● What the exercise asks
Search the data for the word "sobj" and copy out every line that has it.

● Material for this task
○ ○ ○ ○

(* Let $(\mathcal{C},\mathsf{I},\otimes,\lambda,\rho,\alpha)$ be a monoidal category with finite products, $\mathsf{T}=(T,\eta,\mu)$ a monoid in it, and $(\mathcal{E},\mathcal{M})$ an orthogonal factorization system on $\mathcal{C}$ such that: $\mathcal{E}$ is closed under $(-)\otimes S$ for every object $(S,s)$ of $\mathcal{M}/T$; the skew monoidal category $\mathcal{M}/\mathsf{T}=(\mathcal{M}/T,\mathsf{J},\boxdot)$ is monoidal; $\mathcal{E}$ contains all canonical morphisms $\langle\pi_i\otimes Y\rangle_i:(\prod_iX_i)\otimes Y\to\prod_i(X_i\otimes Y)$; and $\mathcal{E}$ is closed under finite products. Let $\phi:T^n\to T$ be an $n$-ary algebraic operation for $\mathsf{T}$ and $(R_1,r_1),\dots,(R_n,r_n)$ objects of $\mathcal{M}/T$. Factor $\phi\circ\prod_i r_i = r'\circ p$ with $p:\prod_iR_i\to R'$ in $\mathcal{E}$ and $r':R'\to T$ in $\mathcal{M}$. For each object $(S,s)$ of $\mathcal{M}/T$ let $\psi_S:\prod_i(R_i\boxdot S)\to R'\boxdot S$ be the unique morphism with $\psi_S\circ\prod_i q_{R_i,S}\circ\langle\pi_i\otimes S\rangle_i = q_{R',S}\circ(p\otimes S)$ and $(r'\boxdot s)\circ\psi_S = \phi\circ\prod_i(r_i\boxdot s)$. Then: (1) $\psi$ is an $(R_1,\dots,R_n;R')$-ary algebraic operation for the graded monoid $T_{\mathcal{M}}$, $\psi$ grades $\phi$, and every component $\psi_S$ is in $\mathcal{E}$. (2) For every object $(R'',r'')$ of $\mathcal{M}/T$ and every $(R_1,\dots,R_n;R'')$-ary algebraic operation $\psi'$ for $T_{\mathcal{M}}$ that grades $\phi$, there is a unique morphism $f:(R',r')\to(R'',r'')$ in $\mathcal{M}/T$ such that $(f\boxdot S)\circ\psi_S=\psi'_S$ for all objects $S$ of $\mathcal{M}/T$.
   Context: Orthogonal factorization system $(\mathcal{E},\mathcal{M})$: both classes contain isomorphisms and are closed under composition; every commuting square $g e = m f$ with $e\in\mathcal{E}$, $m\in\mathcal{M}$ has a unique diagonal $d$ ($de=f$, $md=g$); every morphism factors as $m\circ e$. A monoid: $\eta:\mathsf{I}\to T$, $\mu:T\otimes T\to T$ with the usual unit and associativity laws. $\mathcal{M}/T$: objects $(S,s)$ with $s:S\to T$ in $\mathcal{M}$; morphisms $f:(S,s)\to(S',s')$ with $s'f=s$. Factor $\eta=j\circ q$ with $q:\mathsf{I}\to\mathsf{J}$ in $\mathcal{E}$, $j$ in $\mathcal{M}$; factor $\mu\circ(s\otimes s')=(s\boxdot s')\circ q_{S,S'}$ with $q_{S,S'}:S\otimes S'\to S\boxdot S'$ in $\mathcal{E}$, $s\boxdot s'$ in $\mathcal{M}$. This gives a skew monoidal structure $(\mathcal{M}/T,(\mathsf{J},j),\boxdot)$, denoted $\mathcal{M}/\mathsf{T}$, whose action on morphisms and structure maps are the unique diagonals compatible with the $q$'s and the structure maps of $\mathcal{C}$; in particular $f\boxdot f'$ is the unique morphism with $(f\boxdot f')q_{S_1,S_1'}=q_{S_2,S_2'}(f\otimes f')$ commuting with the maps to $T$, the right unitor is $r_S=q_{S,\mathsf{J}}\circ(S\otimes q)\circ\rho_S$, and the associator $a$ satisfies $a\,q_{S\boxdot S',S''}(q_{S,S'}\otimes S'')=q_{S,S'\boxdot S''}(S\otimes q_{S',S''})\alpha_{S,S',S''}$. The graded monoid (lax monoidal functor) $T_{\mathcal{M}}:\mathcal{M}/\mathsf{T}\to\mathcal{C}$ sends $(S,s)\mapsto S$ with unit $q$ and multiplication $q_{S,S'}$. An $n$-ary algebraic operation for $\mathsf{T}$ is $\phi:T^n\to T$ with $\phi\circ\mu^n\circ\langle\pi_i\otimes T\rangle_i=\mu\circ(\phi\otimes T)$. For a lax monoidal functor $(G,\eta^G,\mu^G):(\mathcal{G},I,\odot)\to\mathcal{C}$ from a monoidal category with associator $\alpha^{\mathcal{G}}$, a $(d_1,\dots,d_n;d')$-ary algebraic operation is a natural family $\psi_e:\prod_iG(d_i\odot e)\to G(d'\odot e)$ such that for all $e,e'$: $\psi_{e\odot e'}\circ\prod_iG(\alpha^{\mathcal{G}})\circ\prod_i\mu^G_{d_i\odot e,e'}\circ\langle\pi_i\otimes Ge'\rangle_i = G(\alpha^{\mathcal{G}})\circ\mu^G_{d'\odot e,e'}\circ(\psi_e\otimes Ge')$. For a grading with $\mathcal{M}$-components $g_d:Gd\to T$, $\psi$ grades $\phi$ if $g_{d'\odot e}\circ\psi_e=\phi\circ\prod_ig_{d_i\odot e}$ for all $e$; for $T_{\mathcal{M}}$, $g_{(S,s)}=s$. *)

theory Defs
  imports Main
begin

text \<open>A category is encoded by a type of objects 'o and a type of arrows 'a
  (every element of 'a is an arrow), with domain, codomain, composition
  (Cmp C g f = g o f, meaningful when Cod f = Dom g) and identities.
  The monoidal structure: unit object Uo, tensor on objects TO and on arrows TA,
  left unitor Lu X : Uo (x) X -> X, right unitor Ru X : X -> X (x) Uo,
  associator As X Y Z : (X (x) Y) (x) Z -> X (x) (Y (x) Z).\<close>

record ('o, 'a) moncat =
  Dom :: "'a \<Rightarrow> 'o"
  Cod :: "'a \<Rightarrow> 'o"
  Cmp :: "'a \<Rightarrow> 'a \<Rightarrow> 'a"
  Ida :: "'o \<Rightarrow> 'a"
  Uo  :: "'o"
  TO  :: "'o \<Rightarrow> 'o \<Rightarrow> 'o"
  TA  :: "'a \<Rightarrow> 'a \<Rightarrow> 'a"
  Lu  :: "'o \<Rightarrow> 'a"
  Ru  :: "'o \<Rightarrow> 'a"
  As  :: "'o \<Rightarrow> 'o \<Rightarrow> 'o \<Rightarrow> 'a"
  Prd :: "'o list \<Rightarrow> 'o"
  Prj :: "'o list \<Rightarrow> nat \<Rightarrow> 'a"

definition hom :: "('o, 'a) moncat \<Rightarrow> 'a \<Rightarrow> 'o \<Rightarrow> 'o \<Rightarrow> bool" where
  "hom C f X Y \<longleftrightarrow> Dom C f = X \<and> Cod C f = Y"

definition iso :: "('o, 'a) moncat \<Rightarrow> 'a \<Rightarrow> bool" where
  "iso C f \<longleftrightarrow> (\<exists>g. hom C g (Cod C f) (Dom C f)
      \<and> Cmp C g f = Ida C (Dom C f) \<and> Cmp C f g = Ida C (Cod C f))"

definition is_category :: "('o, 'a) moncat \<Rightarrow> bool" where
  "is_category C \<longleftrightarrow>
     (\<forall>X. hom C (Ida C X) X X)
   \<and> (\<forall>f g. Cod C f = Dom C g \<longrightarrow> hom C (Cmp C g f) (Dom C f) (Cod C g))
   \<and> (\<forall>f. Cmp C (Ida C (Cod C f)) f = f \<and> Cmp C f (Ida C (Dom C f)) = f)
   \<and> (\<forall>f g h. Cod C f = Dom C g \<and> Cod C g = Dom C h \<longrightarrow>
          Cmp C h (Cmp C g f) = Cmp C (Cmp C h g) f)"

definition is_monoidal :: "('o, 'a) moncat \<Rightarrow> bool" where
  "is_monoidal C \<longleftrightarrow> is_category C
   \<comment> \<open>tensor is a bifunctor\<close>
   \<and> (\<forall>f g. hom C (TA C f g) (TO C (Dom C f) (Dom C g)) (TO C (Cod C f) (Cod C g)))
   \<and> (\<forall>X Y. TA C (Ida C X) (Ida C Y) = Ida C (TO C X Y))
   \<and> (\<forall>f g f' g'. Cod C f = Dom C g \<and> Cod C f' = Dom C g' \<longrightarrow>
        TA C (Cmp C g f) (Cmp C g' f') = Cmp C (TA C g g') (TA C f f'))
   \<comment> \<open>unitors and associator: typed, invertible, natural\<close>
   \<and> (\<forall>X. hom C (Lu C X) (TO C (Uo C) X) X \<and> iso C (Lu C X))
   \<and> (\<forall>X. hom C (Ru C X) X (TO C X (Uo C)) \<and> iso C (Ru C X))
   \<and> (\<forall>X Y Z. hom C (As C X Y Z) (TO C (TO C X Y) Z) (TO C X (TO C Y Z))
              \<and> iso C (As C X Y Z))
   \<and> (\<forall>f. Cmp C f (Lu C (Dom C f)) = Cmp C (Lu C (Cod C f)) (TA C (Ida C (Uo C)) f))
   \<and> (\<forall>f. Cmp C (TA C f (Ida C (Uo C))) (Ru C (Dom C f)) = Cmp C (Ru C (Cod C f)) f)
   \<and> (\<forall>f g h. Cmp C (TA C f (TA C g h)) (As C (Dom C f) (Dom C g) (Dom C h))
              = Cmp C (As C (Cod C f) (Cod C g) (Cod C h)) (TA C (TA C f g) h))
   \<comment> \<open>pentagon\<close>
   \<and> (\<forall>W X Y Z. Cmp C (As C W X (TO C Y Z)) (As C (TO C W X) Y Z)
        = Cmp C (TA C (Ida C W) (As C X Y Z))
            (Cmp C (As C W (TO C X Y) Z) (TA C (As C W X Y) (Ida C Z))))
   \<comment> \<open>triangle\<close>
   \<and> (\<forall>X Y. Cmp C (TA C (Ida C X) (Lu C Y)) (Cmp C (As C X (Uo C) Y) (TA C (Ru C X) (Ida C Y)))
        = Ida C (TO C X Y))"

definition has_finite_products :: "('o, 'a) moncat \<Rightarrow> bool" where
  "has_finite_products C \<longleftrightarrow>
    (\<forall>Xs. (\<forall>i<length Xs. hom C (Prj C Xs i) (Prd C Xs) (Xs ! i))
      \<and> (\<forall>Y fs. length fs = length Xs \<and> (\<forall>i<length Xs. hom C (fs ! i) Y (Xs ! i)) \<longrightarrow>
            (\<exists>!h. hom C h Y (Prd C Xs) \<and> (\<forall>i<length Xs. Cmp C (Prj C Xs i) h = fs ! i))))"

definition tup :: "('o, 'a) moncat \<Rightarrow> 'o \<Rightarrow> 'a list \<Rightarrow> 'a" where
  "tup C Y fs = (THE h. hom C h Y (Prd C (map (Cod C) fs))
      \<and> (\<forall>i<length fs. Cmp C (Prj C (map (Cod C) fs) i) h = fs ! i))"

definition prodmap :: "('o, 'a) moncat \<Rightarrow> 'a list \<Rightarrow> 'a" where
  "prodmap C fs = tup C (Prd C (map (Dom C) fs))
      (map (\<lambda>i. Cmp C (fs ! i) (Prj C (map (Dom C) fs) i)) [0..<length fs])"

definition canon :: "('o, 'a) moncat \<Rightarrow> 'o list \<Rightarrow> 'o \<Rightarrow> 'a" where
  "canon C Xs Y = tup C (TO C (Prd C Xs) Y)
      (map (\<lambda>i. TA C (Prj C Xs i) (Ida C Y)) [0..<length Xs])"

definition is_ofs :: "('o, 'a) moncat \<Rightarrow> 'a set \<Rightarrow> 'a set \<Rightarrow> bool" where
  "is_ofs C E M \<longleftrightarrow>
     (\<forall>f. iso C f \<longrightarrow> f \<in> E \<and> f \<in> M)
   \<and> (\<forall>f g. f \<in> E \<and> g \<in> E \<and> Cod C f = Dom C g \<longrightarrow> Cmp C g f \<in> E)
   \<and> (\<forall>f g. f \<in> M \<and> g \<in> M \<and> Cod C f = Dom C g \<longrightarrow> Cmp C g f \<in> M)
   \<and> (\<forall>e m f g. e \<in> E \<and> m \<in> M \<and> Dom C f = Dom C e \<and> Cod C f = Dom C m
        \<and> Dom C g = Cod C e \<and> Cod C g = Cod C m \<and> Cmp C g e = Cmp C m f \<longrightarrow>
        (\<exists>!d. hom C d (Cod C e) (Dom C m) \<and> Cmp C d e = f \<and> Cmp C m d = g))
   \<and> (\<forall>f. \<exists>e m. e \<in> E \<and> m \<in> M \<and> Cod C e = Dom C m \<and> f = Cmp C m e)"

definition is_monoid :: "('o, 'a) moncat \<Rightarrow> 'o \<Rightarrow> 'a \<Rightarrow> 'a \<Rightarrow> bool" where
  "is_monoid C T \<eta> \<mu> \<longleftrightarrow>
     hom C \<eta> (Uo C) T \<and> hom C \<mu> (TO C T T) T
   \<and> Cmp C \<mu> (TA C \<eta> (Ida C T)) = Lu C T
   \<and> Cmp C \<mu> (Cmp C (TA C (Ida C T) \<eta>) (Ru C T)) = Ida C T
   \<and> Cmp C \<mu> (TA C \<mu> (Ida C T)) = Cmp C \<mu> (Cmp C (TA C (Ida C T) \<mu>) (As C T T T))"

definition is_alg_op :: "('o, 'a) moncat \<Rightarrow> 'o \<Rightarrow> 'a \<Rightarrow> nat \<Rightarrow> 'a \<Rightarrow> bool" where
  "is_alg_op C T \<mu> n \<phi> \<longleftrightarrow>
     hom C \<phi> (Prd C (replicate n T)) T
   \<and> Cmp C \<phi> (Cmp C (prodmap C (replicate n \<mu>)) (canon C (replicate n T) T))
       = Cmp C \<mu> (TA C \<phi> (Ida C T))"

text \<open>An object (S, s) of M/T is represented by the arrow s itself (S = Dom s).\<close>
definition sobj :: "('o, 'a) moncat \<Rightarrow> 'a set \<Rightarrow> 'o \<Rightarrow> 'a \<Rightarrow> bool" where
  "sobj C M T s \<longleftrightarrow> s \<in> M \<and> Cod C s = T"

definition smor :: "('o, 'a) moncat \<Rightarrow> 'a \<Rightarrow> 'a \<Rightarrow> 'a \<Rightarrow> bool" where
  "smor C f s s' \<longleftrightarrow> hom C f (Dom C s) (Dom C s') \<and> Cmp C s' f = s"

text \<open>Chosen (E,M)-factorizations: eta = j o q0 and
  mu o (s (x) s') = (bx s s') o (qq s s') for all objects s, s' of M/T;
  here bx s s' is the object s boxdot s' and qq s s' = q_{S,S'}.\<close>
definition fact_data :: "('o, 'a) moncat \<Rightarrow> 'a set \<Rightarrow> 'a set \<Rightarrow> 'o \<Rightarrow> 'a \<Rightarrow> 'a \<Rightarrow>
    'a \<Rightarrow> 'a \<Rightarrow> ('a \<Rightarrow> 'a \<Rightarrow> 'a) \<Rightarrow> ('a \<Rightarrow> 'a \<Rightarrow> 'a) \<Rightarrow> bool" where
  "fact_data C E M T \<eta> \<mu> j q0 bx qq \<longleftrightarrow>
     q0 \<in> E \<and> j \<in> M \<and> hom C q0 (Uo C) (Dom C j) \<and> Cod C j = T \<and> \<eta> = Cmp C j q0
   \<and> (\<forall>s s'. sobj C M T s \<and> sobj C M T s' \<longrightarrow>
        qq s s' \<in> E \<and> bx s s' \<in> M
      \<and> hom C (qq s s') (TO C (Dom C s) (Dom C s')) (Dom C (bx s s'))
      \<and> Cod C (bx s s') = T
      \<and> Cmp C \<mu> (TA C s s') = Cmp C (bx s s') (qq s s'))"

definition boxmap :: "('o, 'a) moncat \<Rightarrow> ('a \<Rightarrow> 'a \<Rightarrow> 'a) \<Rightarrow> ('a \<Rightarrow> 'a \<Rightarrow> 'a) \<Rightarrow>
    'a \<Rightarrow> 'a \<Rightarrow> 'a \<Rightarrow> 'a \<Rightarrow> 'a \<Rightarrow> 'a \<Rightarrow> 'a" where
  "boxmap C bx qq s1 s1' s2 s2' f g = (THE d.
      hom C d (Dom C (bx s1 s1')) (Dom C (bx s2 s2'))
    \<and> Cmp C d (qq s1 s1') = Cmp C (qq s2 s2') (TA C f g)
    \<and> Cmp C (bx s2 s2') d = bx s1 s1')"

○ ○ ○ ○

● Response for this exercise
definition sobj :: "('o, 'a) moncat \<Rightarrow> 'a set \<Rightarrow> 'o \<Rightarrow> 'a \<Rightarrow> bool" where
  "sobj C M T s \<longleftrightarrow> s \<in> M \<and> Cod C s = T"
   \<and> (\<forall>s s'. sobj C M T s \<and> sobj C M T s' \<longrightarrow>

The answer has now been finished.